In between books, I want to see what my life looks like when I am not making art. What happens is my cooking improves. I knit a sweater. I look at my den, and I think, “Should I wallpaper?” Suddenly, the creativity starts to come out in all these different ways. Then I begin to write again, and I’m back to a piece of goat cheese on a slice of toast with maybe some avocado, three meals a day, and I could care less. The house, the world, the life can go to hell.
There are so many people that I know who have that tremendous creative life force that just pours out in every direction. My beloved stepmother, I would put her at the very top of this list — the way she dresses, the way she decorates, there is nothing that woman can’t do. She can hand-paint and fire the tile that she puts in her staircase. She can make unbelievably gorgeous dinner parties for 26 people. It’s just creativity in every direction. I took all that energy, and I put it in one thing, which is long-format fiction.
So many of us don’t do our best work because we think that if we give ourselves over completely to our best work, then we are going to know how good we are, and it’s not going to be good enough. Kids sit down to write, and they hit the delete button. They say, “Oh, that’s not good. The muse isn’t with me. I’m not inspired. I have writer’s block.” None of those things are true. What’s true is: This is what you can do. And if you want to be better, you just have to keep doing it. You have to keep practicing. You have to keep working. You have to keep striving to get better, but right now, today, this is your best work. Deal with it.
JUNE COHEN: I want to thank Ann for sharing the story of this creative journey with us. And I want to thank each of you for listening. I hope you found things in it that you can bring into your own work.

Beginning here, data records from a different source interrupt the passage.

(* Let $K$ be a normal Hopf subalgebra of $H$. Then $C^2_H(K)=C(H)\cap K^{\perp}=\ker(\mathrm{res}^H_K)$.
   Context: Let $k$ be an algebraically closed field of characteristic $0$ and $H$ a finite-dimensional semisimple Hopf algebra over $k$ (comultiplication $\Delta(h)=\sum h_1\otimes h_2$, antipode $S$). A Hopf subalgebra $K$ is normal if $\sum h_1xS(h_2)\in K$ for all $h\in H$, $x\in K$. $C(H)\subseteq H^*$ is the character ring of $H$; $K^{\perp}=\{f\in H^*:f(K)=0\}$; $\mathrm{res}^H_K:C(H)\to C(K)$ is restriction of characters to $K$. $C^2_H(K)=\{\chi\in C(H):\sum x_1\chi(S(x_2))=0\text{ for all }x\in K\}$. *)

theory Defs
  imports "HOL-Computational_Algebra.Polynomial"
begin

text \<open>
Coordinate model of a finite-dimensional Hopf algebra H over a field k.
H has a basis indexed by a finite type 'i; an element of H is its coordinate
vector 'i \<Rightarrow> 'k, an element of H\<otimes>H is ('i \<times> 'i) \<Rightarrow> 'k,
and an element f of H^* is given by its values f a = f(e_a) on basis vectors.
Structure constants:
  e_a e_b = sum_c m a b c e_c,  1 = sum_a u a e_a,
  Delta(e_a) = sum_{b,c} d a b c e_b \<otimes> e_c,  eps(e_a) = ep a,
  S(e_a) = sum_c s a c e_c.
\<close>

definition alg_closed :: "'k::field itself \<Rightarrow> bool" where
  "alg_closed _ \<longleftrightarrow> (\<forall>p::'k poly. degree p \<noteq> 0 \<longrightarrow> (\<exists>x. poly p x = 0))"

definition bv :: "'i \<Rightarrow> 'i \<Rightarrow> 'k::field" where
  "bv a = (\<lambda>c. if c = a then 1 else 0)"

definition hmul :: "('i::finite \<Rightarrow> 'i \<Rightarrow> 'i \<Rightarrow> 'k::field) \<Rightarrow> ('i \<Rightarrow> 'k) \<Rightarrow> ('i \<Rightarrow> 'k) \<Rightarrow> ('i \<Rightarrow> 'k)" where
  "hmul m x y = (\<lambda>c. \<Sum>a\<in>UNIV. \<Sum>b\<in>UNIV. x a * y b * m a b c)"

definition comul :: "('i::finite \<Rightarrow> 'i \<Rightarrow> 'i \<Rightarrow> 'k::field) \<Rightarrow> ('i \<Rightarrow> 'k) \<Rightarrow> ('i \<times> 'i \<Rightarrow> 'k)" where
  "comul d x = (\<lambda>(b, c). \<Sum>a\<in>UNIV. x a * d a b c)"

definition counit :: "('i::finite \<Rightarrow> 'k::field) \<Rightarrow> ('i \<Rightarrow> 'k) \<Rightarrow> 'k" where
  "counit ep x = (\<Sum>a\<in>UNIV. x a * ep a)"

definition antip :: "('i::finite \<Rightarrow> 'i \<Rightarrow> 'k::field) \<Rightarrow> ('i \<Rightarrow> 'k) \<Rightarrow> ('i \<Rightarrow> 'k)" where
  "antip s x = (\<lambda>c. \<Sum>a\<in>UNIV. x a * s a c)"

definition tens :: "('i \<Rightarrow> 'k::field) \<Rightarrow> ('i \<Rightarrow> 'k) \<Rightarrow> ('i \<times> 'i \<Rightarrow> 'k)" where
  "tens x y = (\<lambda>(b, c). x b * y c)"

definition tmul :: "('i::finite \<Rightarrow> 'i \<Rightarrow> 'i \<Rightarrow> 'k::field) \<Rightarrow> ('i \<times> 'i \<Rightarrow> 'k) \<Rightarrow> ('i \<times> 'i \<Rightarrow> 'k) \<Rightarrow> ('i \<times> 'i \<Rightarrow> 'k)" where
  "tmul m w z = (\<lambda>(p, q). \<Sum>a\<in>UNIV. \<Sum>b\<in>UNIV. \<Sum>c\<in>UNIV. \<Sum>c'\<in>UNIV.
      w (a, b) * z (c, c') * m a c p * m b c' q)"

definition lin_span :: "('x \<Rightarrow> 'k::field) set \<Rightarrow> ('x \<Rightarrow> 'k) set" where
  "lin_span S = {f. \<exists>t r. finite t \<and> t \<subseteq> S \<and> f = (\<lambda>y. \<Sum>v\<in>t. r v * v y)}"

Maybe it’s the way Ann creates rituals to help her produce her best work — from deleting emails to clearing time to meditate on her novel. Or maybe it’s the way she convenes her friends, and actually listens to their honest critiques. Or possibly, it’s her courage to just totally start over: throwing out an entire first draft — without showing anyone — as if it were just a burnt cake.